Non-conventional forms of financing, as opposed to conventional mortgage loans, include loans insured by the Federal Housing Administration (FHA), VA-backed loans, cash purchases and other types of financing such as the Rural Housing Service, Habitat for Humanity, loans from individuals, or state or local government mortgage-backed bonds. The reliance on non-conventional forms of financing varied across the United States, with its share at almost 40% in West South Central but only 17.1% of new single-family home starts in the Middle Atlantic division.

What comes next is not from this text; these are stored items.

(* Let $G=(V,E)$ be a finite connected simple graph with boundary $\delta V\subseteq V$ and rotation $\rho=(\rho_u)_{u\in V}$, let $G^{BU}$ be its blow-up graph with tails, and let $U$ be the facial quantum walk on $\mathbb{C}^{A^{BU}\cup A_{tl}}$ with coin $H=\begin{pmatrix}a&b\\c&d\end{pmatrix}$, where $H$ is unitary, $abcd\neq 0$ and $d\in\mathbb{R}$; put $\omega=-\det H$ (all as defined in the context). Let $\Psi\in\mathbb{C}^{A^{BU}\cup A_{tl}}$ satisfy $U\Psi=\Psi$ and let $\psi$ be its restriction to $A^{BU}$. Let $u,u'\in V$ be adjacent in $G$, let $e_{br}\in A_{br}$ be the bridge arc from $(u,u')$ to $(u',u)$, and let $e_{is},\epsilon_{is}\in A_{is}(u)$ and $e'_{is},\epsilon'_{is}\in A_{is}(u')$ be the island arcs with $t(e_{is})=o(e_{br})=o(\epsilon_{is})$ and $t(e'_{is})=t(e_{br})=o(\epsilon'_{is})$. Then $$\psi(\epsilon_{is})=\omega\,\psi(e'_{is}),\qquad \psi(\epsilon'_{is})=\omega\,\psi(e_{is}),$$ and $$\psi(e_{br})=\frac{\omega}{b}\bigl(\psi(e_{is})+d\,\psi(e'_{is})\bigr),\qquad \psi(\bar e_{br})=\frac{\omega}{b}\bigl(\psi(e'_{is})+d\,\psi(e_{is})\bigr).$$
   Context: Setting. $G=(V,E)$ is a finite connected simple graph and $\delta V\subseteq V$ a set of boundary vertices. To each $u\in\delta V$ a semi-infinite path (tail) is attached with origin $u$; let $\tau_u$ be the neighbour of $u$ on its tail. Let $\tilde N_u$ be the set of neighbours of $u$ in $G$, together with $\tau_u$ if $u\in\delta V$. A rotation is a family $\rho=(\rho_u)_{u\in V}$, where $\rho_u$ is a cyclic permutation of $\tilde N_u$ of length $|\tilde N_u|$. Blow-up graph. $V^{BU}=\{(u,v):u\in V,\ v\in\tilde N_u\}$. The arc set is $A^{BU}=A_{is}\sqcup A_{br}$: the island arcs $A_{is}$ are the arcs $(u,v)\to(u,\rho_u(v))$; the bridge arcs $A_{br}$ are the arcs $(u,v)\to(v,u)$ for $u,v\in V$ adjacent in $G$. For $e\in A_{br}$, $\bar e$ denotes the reverse bridge arc. $A_{is}(u)$ is the set of island arcs whose endpoints have first coordinate $u$. For an arc $e$, $o(e)$ and $t(e)$ denote its origin and terminus. Let $\delta V^{BU}=\{(u,\tau_u):u\in\delta V\}$. To each $x\in\delta V^{BU}$ a tail is attached: incoming arcs $e^x_0,e^x_1,\dots$ with $t(e^x_0)=x$ and $t(e^x_{j+1})=o(e^x_j)$, and their reverses $\bar e^x_0,\bar e^x_1,\dots$ (outgoing). $A_{tl}$ is the set of all tail arcs. Each $x\in V^{BU}$ has exactly one incoming and one outgoing island arc, and exactly one further incoming and one further outgoing arc (a bridge arc and its reverse if $x\notin\delta V^{BU}$; the tail arcs $e^x_0$ and $\bar e^x_0$ if $x\in\delta V^{BU}$). Facial quantum walk. $U$ acts on $\mathbb{C}^{A^{BU}\cup A_{tl}}$ by $(U\Psi)(e^x_j)=\Psi(e^x_{j+1})$ and $(U\Psi)(\bar e^x_{j+1})=\Psi(\bar e^x_j)$ for all $j\ge 0$ and $x\in\delta V^{BU}$. At every $x\in V^{BU}$, writing $e^{is}_+$ and $e^{br}_+$ for the incoming island and non-island arcs, and $e^{is}_-$ and $e^{br}_-$ for the outgoing island and non-island arcs, $$\begin{pmatrix}(U\Psi)(e^{is}_-)\\(U\Psi)(e^{br}_-)\end{pmatrix}=H\begin{pmatrix}\Psi(e^{is}_+)\\ \Psi(e^{br}_+)\end{pmatrix}.$$ *)

theory Defs
  imports Complex_Main "HOL-Combinatorics.Permutations"
begin

definition simple_graph :: "'v set \<Rightarrow> ('v \<Rightarrow> 'v \<Rightarrow> bool) \<Rightarrow> bool" where
  "simple_graph V E \<longleftrightarrow> finite V \<and> (\<forall>u v. E u v \<longrightarrow> u \<in> V \<and> v \<in> V \<and> u \<noteq> v \<and> E v u)"

definition connected_graph :: "'v set \<Rightarrow> ('v \<Rightarrow> 'v \<Rightarrow> bool) \<Rightarrow> bool" where
  "connected_graph V E \<longleftrightarrow> (\<forall>u\<in>V. \<forall>v\<in>V. E\<^sup>*\<^sup>* u v)"

text \<open>Neighbours in the graph with tails: a neighbour is a vertex of G or the tail
  vertex tau_u (only present for boundary vertices u).\<close>
datatype 'v nb = Vert 'v | Tl

definition Ntilde :: "('v \<Rightarrow> 'v \<Rightarrow> bool) \<Rightarrow> 'v set \<Rightarrow> 'v \<Rightarrow> 'v nb set" where
  "Ntilde E B u = Vert ` {v. E u v} \<union> (if u \<in> B then {Tl} else {})"

definition rotation :: "'v set \<Rightarrow> ('v \<Rightarrow> 'v \<Rightarrow> bool) \<Rightarrow> 'v set \<Rightarrow> ('v \<Rightarrow> 'v nb \<Rightarrow> 'v nb) \<Rightarrow> bool" where
  "rotation V E B rho \<longleftrightarrow> (\<forall>u\<in>V. rho u permutes Ntilde E B u \<and>
      (\<forall>x\<in>Ntilde E B u. \<forall>y\<in>Ntilde E B u. \<exists>n. (rho u ^^ n) x = y))"

text \<open>Isl u v : island arc (u,v) -> (u, rho_u v);
  Br u v  : bridge arc (u,Vert v) -> (v,Vert u);
  TIn u j : tail arc e^x_j (incoming towards x = (u,tau_u));
  TOut u j: tail arc \<bar>e^x_j (outgoing from x = (u,tau_u)).\<close>
datatype 'v arc = Isl 'v "'v nb" | Br 'v 'v | TIn 'v nat | TOut 'v nat

definition A_is :: "('v \<Rightarrow> 'v \<Rightarrow> bool) \<Rightarrow> 'v set \<Rightarrow> 'v \<Rightarrow> 'v arc set" where
  "A_is E B u = {Isl u v | v. v \<in> Ntilde E B u}"

definition A_br :: "('v \<Rightarrow> 'v \<Rightarrow> bool) \<Rightarrow> 'v arc set" where
  "A_br E = {Br u v | u v. E u v}"

definition A_BU :: "'v set \<Rightarrow> ('v \<Rightarrow> 'v \<Rightarrow> bool) \<Rightarrow> 'v set \<Rightarrow> 'v arc set" where
  "A_BU V E B = (\<Union>u\<in>V. A_is E B u) \<union> A_br E"

definition A_tl :: "'v set \<Rightarrow> 'v arc set" where
  "A_tl B = {TIn u j | u j. u \<in> B} \<union> {TOut u j | u j. u \<in> B}"

text \<open>Origin and terminus of arcs of the blow-up graph (tail arcs are not needed).\<close>
fun arc_o :: "('v \<Rightarrow> 'v nb \<Rightarrow> 'v nb) \<Rightarrow> 'v arc \<Rightarrow> 'v \<times> 'v nb" where
  "arc_o rho (Isl u v) = (u, v)"
| "arc_o rho (Br u v) = (u, Vert v)"
| "arc_o rho (TIn u j) = undefined"
| "arc_o rho (TOut u j) = undefined"

fun arc_t :: "('v \<Rightarrow> 'v nb \<Rightarrow> 'v nb) \<Rightarrow> 'v arc \<Rightarrow> 'v \<times> 'v nb" where
  "arc_t rho (Isl u v) = (u, rho u v)"
| "arc_t rho (Br u v) = (v, Vert u)"
| "arc_t rho (TIn u j) = undefined"
| "arc_t rho (TOut u j) = undefined"

fun rev_br :: "'v arc \<Rightarrow> 'v arc" where
  "rev_br (Br u v) = Br v u"
| "rev_br e = e"

definition in_isl :: "('v \<Rightarrow> 'v \<Rightarrow> bool) \<Rightarrow> 'v set \<Rightarrow> ('v \<Rightarrow> 'v nb \<Rightarrow> 'v nb) \<Rightarrow> 'v \<Rightarrow> 'v nb \<Rightarrow> 'v arc" where
  "in_isl E B rho u v = Isl u (inv_into (Ntilde E B u) (rho u) v)"

definition in_nonisl :: "'v \<Rightarrow> 'v nb \<Rightarrow> 'v arc" where
  "in_nonisl u v = (case v of Vert w \<Rightarrow> Br w u | Tl \<Rightarrow> TIn u 0)"

text \<open>Facial quantum walk with coin H = [[a,b],[c,d]], as a map on functions
  'v arc => complex (only the values on A_BU \<union> A_tl are meaningful).\<close>
definition walk :: "('v \<Rightarrow> 'v \<Rightarrow> bool) \<Rightarrow> 'v set \<Rightarrow> ('v \<Rightarrow> 'v nb \<Rightarrow> 'v nb) \<Rightarrow>
    complex \<Rightarrow> complex \<Rightarrow> complex \<Rightarrow> complex \<Rightarrow> ('v arc \<Rightarrow> complex) \<Rightarrow> ('v arc \<Rightarrow> complex)" where
  "walk E B rho a b c d \<Psi> e =
    (case e of
       TIn u j \<Rightarrow> \<Psi> (TIn u (Suc j))
     | TOut u j \<Rightarrow> (case j of
           0 \<Rightarrow> c * \<Psi> (in_isl E B rho u Tl) + d * \<Psi> (TIn u 0)
         | Suc k \<Rightarrow> \<Psi> (TOut u k))
     | Isl u v \<Rightarrow> a * \<Psi> (in_isl E B rho u v) + b * \<Psi> (in_nonisl u v)
     | Br u w \<Rightarrow> c * \<Psi> (in_isl E B rho u (Vert w)) + d * \<Psi> (Br w u))"

definition unitary2 :: "complex \<Rightarrow> complex \<Rightarrow> complex \<Rightarrow> complex \<Rightarrow> bool" where
  "unitary2 a b c d \<longleftrightarrow>
     cnj a * a + cnj c * c = 1 \<and> cnj a * b + cnj c * d = 0 \<and>
     cnj b * a + cnj d * c = 0 \<and> cnj b * b + cnj d * d = 1 \<and>
     a * cnj a + b * cnj b = 1 \<and> a * cnj c + b * cnj d = 0 \<and>
     c * cnj a + d * cnj b = 0 \<and> c * cnj c + d * cnj d = 1"

end

theory Submission
  imports Defs
begin

text \<open>Write \<open>\<omega> = -(a d - b c)\<close>. At a bridge \<open>u \<rightarrow> u'\<close> the fixed-point equations of the two
  bridge arcs form a \<open>2\<times>2\<close> linear system whose determinant is \<open>1 - d\<^sup>2 = |b|\<^sup>2 \<noteq> 0\<close>;
  unitarity (\<open>c = \<omega> cnj b\<close>, and \<open>a = -\<omega> d\<close> for real \<open>d\<close>) turns its solution into the stated
  formulas, and substituting them into the island equations gives \<open>\<psi>(\<epsilon>\<^sub>i\<^sub>s) = \<omega> \<psi>(e'\<^sub>i\<^sub>s)\<close>.\<close>

lemma unitary2_c_eq:
  assumes "unitary2 a b c d"
  shows "c = - (a * d - b * c) * cnj b"
proof -
  from assms have norm: "a * cnj a + b * cnj b = 1" and orth: "d * cnj b = - c * cnj a"
    unfolding unitary2_def by (auto simp: algebra_simps eq_neg_iff_add_eq_0)
  have "- (a * d - b * c) * cnj b = - a * (d * cnj b) + c * (b * cnj b)"
    by (simp add: algebra_simps)
  also have "\<dots> = c * (a * cnj a + b * cnj b)"
    using orth by (simp add: algebra_simps)
  finally show ?thesis
    using norm by simp
qed

lemma unitary2_one_minus_d_sq:
  assumes "unitary2 a b c d" and "d \<in> \<real>"
  shows "1 - d * d = b * cnj b"
  using assms by (auto simp: unitary2_def Reals_cnj_iff algebra_simps)

lemma unitary2_a_eq:
  assumes "unitary2 a b c d" and "d \<in> \<real>"
  shows "a = (a * d - b * c) * d"
proof -
  have "cnj (cnj a * b + cnj c * d) = 0"
    using assms(1) unfolding unitary2_def by simp
  then have "a * cnj b + c * d = 0"
    using assms(2) by (simp add: Reals_cnj_iff)
  then have "a * (b * cnj b) + b * c * d = 0"
    by (metis mult.assoc mult.commute mult_zero_right distrib_left)
  then have "a * (1 - d * d) + b * c * d = 0"
    using unitary2_one_minus_d_sq[OF assms] by simp
  then show ?thesis
    by (simp add: algebra_simps eq_neg_iff_add_eq_0)
qed

lemma coin_system_solution:
  fixes a b c d p q X Y :: complex
  assumes "unitary2 a b c d" and "b \<noteq> 0" and "d \<in> \<real>"
    and "X = c * p + d * Y" and "Y = c * q + d * X"
  shows "X = - (a * d - b * c) / b * (p + d * q)"
proof -
  have "(1 - d * d) * X = c * (p + d * q)"
    using assms(4,5) by (simp add: algebra_simps)
  then have "cnj b * (b * X) = cnj b * (- (a * d - b * c) * (p + d * q))"
    using unitary2_one_minus_d_sq[OF assms(1,3)] unitary2_c_eq[OF assms(1)]
    by (metis (no_types, lifting) mult.assoc mult.commute)
  then have "b * X = - (a * d - b * c) * (p + d * q)"
    using assms(2) by simp
  then show ?thesis
    using assms(2) by (simp add: field_simps)
qed

lemma coin_island_value:
  fixes a b c d p q Y :: complex
  assumes "unitary2 a b c d" and "b \<noteq> 0" and "d \<in> \<real>"
    and "Y = - (a * d - b * c) / b * (q + d * p)"
  shows "a * p + b * Y = - (a * d - b * c) * q"
proof -
  have "b * Y = - (a * d - b * c) * (q + d * p)"
    using assms(2,4) by simp
  then have "a * p + b * Y = - (a * d - b * c) * q + (a - (a * d - b * c) * d) * p"
    by (simp add: algebra_simps)
  then show ?thesis
    using unitary2_a_eq[OF assms(1,3)] by simp
qed

lemma in_isl_rotation:
  assumes "rotation V E B rho" and "u \<in> V" and "x \<in> Ntilde E B u"
  shows "in_isl E B rho u (rho u x) = Isl u x"
proof -
  have "rho u permutes Ntilde E B u"
    using assms(1,2) unfolding rotation_def by blast
  then show ?thesis
    unfolding in_isl_def using assms(3) by (simp add: permutes_inj_on)
qed

lemma walk_fixpoint_at_bridge:
  assumes "simple_graph V E" and "rotation V E B rho"
    and fixpt: "\<forall>e \<in> A_BU V E B \<union> A_tl B. walk E B rho a b c d \<Psi> e = \<Psi> e"
    and "E u w" and "x \<in> Ntilde E B u" and "rho u x = Vert w"
  shows "\<Psi> (Isl u (Vert w)) = a * \<Psi> (Isl u x) + b * \<Psi> (Br w u)"
    and "\<Psi> (Br u w) = c * \<Psi> (Isl u x) + d * \<Psi> (Br w u)"
proof -
  have "u \<in> V"
    using assms(1,4) unfolding simple_graph_def by blast
  then have in_isl: "in_isl E B rho u (Vert w) = Isl u x"
    using in_isl_rotation[OF assms(2) _ assms(5)] assms(6) by simp
  have "Vert w \<in> Ntilde E B u"
    using assms(4) unfolding Ntilde_def by simp
  then have "Isl u (Vert w) \<in> A_BU V E B" and "Br u w \<in> A_BU V E B"
    using \<open>u \<in> V\<close> assms(4) unfolding A_BU_def A_is_def A_br_def by blast+
  then have "walk E B rho a b c d \<Psi> (Isl u (Vert w)) = \<Psi> (Isl u (Vert w))"
    and "walk E B rho a b c d \<Psi> (Br u w) = \<Psi> (Br u w)"
    using fixpt by blast+
  then show "\<Psi> (Isl u (Vert w)) = a * \<Psi> (Isl u x) + b * \<Psi> (Br w u)"
    and "\<Psi> (Br u w) = c * \<Psi> (Isl u x) + d * \<Psi> (Br w u)"
    using in_isl by (simp_all add: walk_def in_nonisl_def)
qed
theorem mainTheorem1:
  fixes V B :: "'v set" and E :: "'v \<Rightarrow> 'v \<Rightarrow> bool" and rho :: "'v \<Rightarrow> 'v nb \<Rightarrow> 'v nb"
    and a b c d :: complex and \<Psi> :: "'v arc \<Rightarrow> complex"
    and u u' :: 'v and e_br e_is eps_is e_is' eps_is' :: "'v arc"
  assumes "simple_graph V E" and "connected_graph V E" and "B \<subseteq> V"
    and "rotation V E B rho"
    and "unitary2 a b c d" and "a * b * c * d \<noteq> 0" and "d \<in> \<real>"
    and fixpt: "\<forall>e \<in> A_BU V E B \<union> A_tl B. walk E B rho a b c d \<Psi> e = \<Psi> e"
    and "E u u'"
    and "e_br \<in> A_br E" and "arc_o rho e_br = (u, Vert u')" and "arc_t rho e_br = (u', Vert u)"
    and "e_is \<in> A_is E B u" and "eps_is \<in> A_is E B u"
    and "e_is' \<in> A_is E B u'" and "eps_is' \<in> A_is E B u'"
    and "arc_t rho e_is = arc_o rho e_br" and "arc_o rho eps_is = arc_o rho e_br"
    and "arc_t rho e_is' = arc_t rho e_br" and "arc_o rho eps_is' = arc_t rho e_br"
  shows "\<Psi> eps_is = (- (a * d - b * c)) * \<Psi> e_is'
       \<and> \<Psi> eps_is' = (- (a * d - b * c)) * \<Psi> e_is
       \<and> \<Psi> e_br = (- (a * d - b * c)) / b * (\<Psi> e_is + d * \<Psi> e_is')
       \<and> \<Psi> (rev_br e_br) = (- (a * d - b * c)) / b * (\<Psi> e_is' + d * \<Psi> e_is)"
proof -
  have "E u' u" and "b \<noteq> 0"
    using assms(1,6,9) unfolding simple_graph_def by auto
  have e_br: "e_br = Br u u'"
    using assms(10,11) unfolding A_br_def by auto
  obtain x y where e_is: "e_is = Isl u x" "x \<in> Ntilde E B u" "rho u x = Vert u'"
    and e_is': "e_is' = Isl u' y" "y \<in> Ntilde E B u'" "rho u' y = Vert u"
    using assms(13,15,17,19) e_br unfolding A_is_def by auto
  have eps: "eps_is = Isl u (Vert u')" "eps_is' = Isl u' (Vert u)"
    using assms(14,16,18,20) e_br unfolding A_is_def by auto
  note at_u = walk_fixpoint_at_bridge[OF assms(1,4) fixpt \<open>E u u'\<close> e_is(2,3)]
  note at_u' = walk_fixpoint_at_bridge[OF assms(1,4) fixpt \<open>E u' u\<close> e_is'(2,3)]
  have X: "\<Psi> (Br u u') = - (a * d - b * c) / b * (\<Psi> e_is + d * \<Psi> e_is')"
    using coin_system_solution[OF assms(5) \<open>b \<noteq> 0\<close> assms(7) at_u(2) at_u'(2)] e_is e_is' by simp
  have Y: "\<Psi> (Br u' u) = - (a * d - b * c) / b * (\<Psi> e_is' + d * \<Psi> e_is)"
    using coin_system_solution[OF assms(5) \<open>b \<noteq> 0\<close> assms(7) at_u'(2) at_u(2)] e_is e_is' by simp
  show ?thesis
    using coin_island_value[OF assms(5) \<open>b \<noteq> 0\<close> assms(7) Y]
      coin_island_value[OF assms(5) \<open>b \<noteq> 0\<close> assms(7) X]
      at_u(1) at_u'(1) e_is e_is' eps e_br X Y
    by simp
qed

end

Nationwide, cash purchases were the majority share of non-conventional financing of new home purchases, accounting for 14% of the market share, slightly up from 13% in 2022. NAHB survey based on builders reported that for 2024, all-cash sales are a higher share at 22%. FHA-backed loans accounted for 12%, whereas in 2022, it was only 8% of the market share. The share of VA-backed loans was at 4% market share in 2023, while Other Financing was 3% of market share.

Regionally, cash financing held the highest share in East South Central, where 24.6% of all homes started were purchased with cash. Except for the South Atlantic, West South Central, and the Pacific, cash purchases led non-conventional financing in the remaining six census regions. Cash purchases accounted for 22.0% in East North Central, 16.9% in New England, 12.3% in Mountain, 12.0% in Middle Atlantic, and 10.6% in West North Central region.   

FHA-backed loans accounted for the majority of all non-conventional financing in the West South Central division accounting for 20.8% of the homes started. This share has gone up considerably  from 12.9% in 2022. The New England division reported the lowest FHA-backed loans with only a share of 1.2% of the homes started in 2023.

VA-backed loans were most used in the South Atlantic division, which accounted for 5.9% of non-conventional forms of financing. In New England, none of the homes started used VA-backed loans in 2023.  

Other financing such as the Rural Housing Service, Habitat for Humanity, loans from individuals, state or local government mortgage-backed bonds was highest in East North Central where it was collectively 5.6% of market share, while Middle Atlantic division reported the lowest share at 0.9%.